Add a host unit test when the behavior is pure logic. Add a QEMU acceptance test when the behavior crosses the kernel boundary or is user-visible in the guest.

Host Test Checklist

  1. Place the test under tests/.
  2. Compile it with the same sources used by production code.
  3. Make failures print a clear message.
  4. Add it to make test if the behavior is part of the shipped contract.
  5. Document the proof in the relevant guide.

QEMU Test Checklist

  1. Use #!/usr/bin/env bash and set -u.
  2. Resolve ROOT from the script directory.
  3. Check required artifacts and print how to build missing ones.
  4. Use temp files for serial logs and clean them in trap.
  5. Start QEMU with the minimum devices required.
  6. Drive login only when the tested path needs a shell.
  7. Assert stable markers, not incidental formatting.
  8. On failure, print the serial tail.
  9. Kill QEMU reliably.
  10. Add the script to make test when it is stable and product-relevant.

Good serial markers are short, stable, and tied to user-visible behavior:

httpd: listening on 8080
pkghello: hello from package overlay
M12a OK: identity demo exited, code 0

Avoid markers that depend on temporary debug text, memory addresses, or timing.

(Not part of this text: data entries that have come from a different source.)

(* Let $S(z)$ be a Rosenbrock system matrix and $\lambda\in\mathbb{C}$ with $S(\lambda)$ invertible. (i) If $\eta^{\mathbb{S}}(\lambda,B)<\infty$, then $\eta^{\mathbb{S}}(\lambda,B)=1/\sigma_{\max}\big([0_{n,r}\ I_n]\,S(\lambda)^{-1}[I_r\ 0_{r,n}]^T\big)$. (ii) If $\eta^{\mathbb{S}}(\lambda,C)<\infty$, then $\eta^{\mathbb{S}}(\lambda,C)=1/\sigma_{\max}\big([I_r\ 0_{r,n}]\,S(\lambda)^{-1}[0_{n,r}\ I_n]^T\big)$. (iii) If $\eta^{\mathbb{S}}(\lambda,P)<\infty$, let $J_1:=\operatorname{diag}\Big(\begin{bmatrix}0_{r,n}\\ I_n\end{bmatrix},\tilde J_1\Big)\in\mathbb{C}^{(d+1)(r+n),(d+1)n}$ and $J_2:=\begin{bmatrix}[0_{n,r}\ I_n]\\ \tilde J_2\end{bmatrix}\in\mathbb{C}^{(d+1)n,r+n}$. Then $\eta^{\mathbb{S}}(\lambda,P)=(\mu_{\mathcal{S}}(M))^{-1}$, where $M:=J_2S(\lambda)^{-1}[I_{r+n}\ \lambda I_{r+n}\ \cdots\ \lambda^dI_{r+n}]J_1$ and $\mathcal{S}=\{\operatorname{diag}(\Delta_1,\ldots,\Delta_{d+1}) : \Delta_i\in\mathbb{C}^{n,n}\}$.
   Context: A Rosenbrock system matrix is $S(z)=\begin{bmatrix}A-zI_r & B\\ C & P(z)\end{bmatrix}$ with $A\in\mathbb{C}^{r,r}$, $B\in\mathbb{C}^{r,n}$, $C\in\mathbb{C}^{n,r}$, $P(z)=\sum_{k=0}^d z^kA_k$, $A_k\in\mathbb{C}^{n,n}$. $\|\cdot\|$ is the spectral norm, $\sigma_{\max}$ the largest singular value, $0_{m,n}$ the $m\times n$ zero matrix. Backward errors with perturbation of one block only (with $\inf\emptyset=\infty$): $\eta^{\mathbb{S}}(\lambda,B):=\inf\{\|\Delta_B\| : \Delta_B\in\mathbb{C}^{r,n},\ \det(S(\lambda)-\begin{bmatrix}0&\Delta_B\\0&0\end{bmatrix})=0\}$; $\eta^{\mathbb{S}}(\lambda,C):=\inf\{\|\Delta_C\| : \Delta_C\in\mathbb{C}^{n,r},\ \det(S(\lambda)-\begin{bmatrix}0&0\\ \Delta_C&0\end{bmatrix})=0\}$; $\eta^{\mathbb{S}}(\lambda,P):=\inf\{\max_j\|\Delta_{A_j}\| : \Delta_{A_j}\in\mathbb{C}^{n,n},\ \det(S(\lambda)-\begin{bmatrix}0&0\\0&\sum_{j=0}^d\lambda^j\Delta_{A_j}\end{bmatrix})=0\}$. $\tilde J_1\in\mathbb{C}^{(r+n)d,\,nd}$ is the block-diagonal matrix with $d$ diagonal blocks each equal to $\begin{bmatrix}0_{r,n}\\ I_n\end{bmatrix}$; $\tilde J_2\in\mathbb{C}^{nd,\,r+n}$ is the vertical stack of $d$ copies of $[0_{n,r}\ I_n]$. Structured $\mu$-value: for $M\in\mathbb{C}^{k,p}$ and $\mathcal{S}\subseteq\mathbb{C}^{p,k}$, $\mu_{\mathcal{S}}(M):=\big(\inf\{\|\Delta\| : \Delta\in\mathcal{S},\ \det(I_p-\Delta M)=0\}\big)^{-1}$, with $\mu_{\mathcal S}(M)=0$ if no such $\Delta$ exists. *)

theory Defs
  imports "Jordan_Normal_Form.Matrix" "Jordan_Normal_Form.Determinant"
    "Jordan_Normal_Form.Char_Poly" "Jordan_Normal_Form.Schur_Decomposition"
    "HOL-Library.Extended_Real"
begin

fun mpoly :: "(nat \<Rightarrow> complex mat) \<Rightarrow> nat \<Rightarrow> complex \<Rightarrow> complex mat" where
  "mpoly As 0 z = As 0"
| "mpoly As (Suc k) z = mpoly As k z + (z ^ Suc k) \<cdot>\<^sub>m As (Suc k)"

definition rosen :: "nat \<Rightarrow> complex mat \<Rightarrow> complex mat \<Rightarrow> complex mat \<Rightarrow> (nat \<Rightarrow> complex mat)
    \<Rightarrow> nat \<Rightarrow> complex \<Rightarrow> complex mat" where
  "rosen r A B C As d z = four_block_mat (A - z \<cdot>\<^sub>m 1\<^sub>m r) B C (mpoly As d z)"

definition vnorm :: "complex vec \<Rightarrow> real" where
  "vnorm v = sqrt (\<Sum>i<dim_vec v. (cmod (v $ i))\<^sup>2)"

definition spec_norm :: "complex mat \<Rightarrow> real" where
  "spec_norm M = Sup ((\<lambda>v. vnorm (M *\<^sub>v v)) ` {v \<in> carrier_vec (dim_col M). vnorm v \<le> 1})"

definition sigma_max :: "complex mat \<Rightarrow> real" where
  "sigma_max M = sqrt (Max (insert 0 (Re ` {e. eigenvalue (mat_adjoint M * M) e})))"

definition hcat :: "complex mat \<Rightarrow> complex mat \<Rightarrow> complex mat" where
  "hcat X Y = four_block_mat X Y (0\<^sub>m 0 (dim_col X)) (0\<^sub>m 0 (dim_col Y))"

text \<open>Backward errors (infimum in the extended reals, Inf {} = \<infinity>).\<close>
definition eta_B :: "nat \<Rightarrow> nat \<Rightarrow> complex mat \<Rightarrow> complex mat \<Rightarrow> complex mat \<Rightarrow> (nat \<Rightarrow> complex mat)
    \<Rightarrow> nat \<Rightarrow> complex \<Rightarrow> ereal" where
  "eta_B r n A B C As d l = Inf {ereal (spec_norm DB) | DB. DB \<in> carrier_mat r n \<and>
     det (rosen r A B C As d l - four_block_mat (0\<^sub>m r r) DB (0\<^sub>m n r) (0\<^sub>m n n)) = 0}"

definition eta_C :: "nat \<Rightarrow> nat \<Rightarrow> complex mat \<Rightarrow> complex mat \<Rightarrow> complex mat \<Rightarrow> (nat \<Rightarrow> complex mat)
    \<Rightarrow> nat \<Rightarrow> complex \<Rightarrow> ereal" where
  "eta_C r n A B C As d l = Inf {ereal (spec_norm DC) | DC. DC \<in> carrier_mat n r \<and>
     det (rosen r A B C As d l - four_block_mat (0\<^sub>m r r) (0\<^sub>m r n) DC (0\<^sub>m n n)) = 0}"

definition eta_P :: "nat \<Rightarrow> nat \<Rightarrow> complex mat \<Rightarrow> complex mat \<Rightarrow> complex mat \<Rightarrow> (nat \<Rightarrow> complex mat)
    \<Rightarrow> nat \<Rightarrow> complex \<Rightarrow> ereal" where
  "eta_P r n A B C As d l = Inf {ereal (Max ((\<lambda>j. spec_norm (DA j)) ` {0..d})) | DA.
     (\<forall>j\<le>d. DA j \<in> carrier_mat n n) \<and>
     det (rosen r A B C As d l - four_block_mat (0\<^sub>m r r) (0\<^sub>m r n) (0\<^sub>m n r) (mpoly DA d l)) = 0}"

definition mu_S :: "complex mat set \<Rightarrow> complex mat \<Rightarrow> ereal" where
  "mu_S SS M = (let T = {D \<in> SS. det (1\<^sub>m (dim_col M) - D * M) = 0} in
     if T = {} then 0 else inverse (Inf ((\<lambda>D. ereal (spec_norm D)) ` T)))"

Documentation Expectations

When a test proves a documented workflow, keep the document and test aligned.

If you change Update
Command syntax COMMAND_REFERENCE.md and the command test
Boot profile INSTALLATION_GUIDE.md, OPERATIONS_GUIDE.md, and boot tests
Network behavior NETWORKING_GUIDE.md and network tests
Service behavior SERVICE_GUIDE.md and service tests
Package behavior PACKAGE_GUIDE.md and package tests
API behavior API_REFERENCE.md, headers, and ABI tests
Admin workflow ADMINISTRATION_GUIDE.md and login/capability tests
Porting support PORTING_GUIDE.md and the port-specific proof

Do not merge a public behavior change with only a stale or unrelated test.

Test Hygiene

  • Keep focused tests focused.
  • Prefer deterministic markers over sleeps.
  • Use environment variables for host ports and timeouts when a test may need local adjustment.
  • Keep generated artifacts under build/ or temp directories.
  • Avoid relying on host-global state.
  • Print enough context for support handoff.
  • Keep docs in English and link each public workflow to the proof that covers it.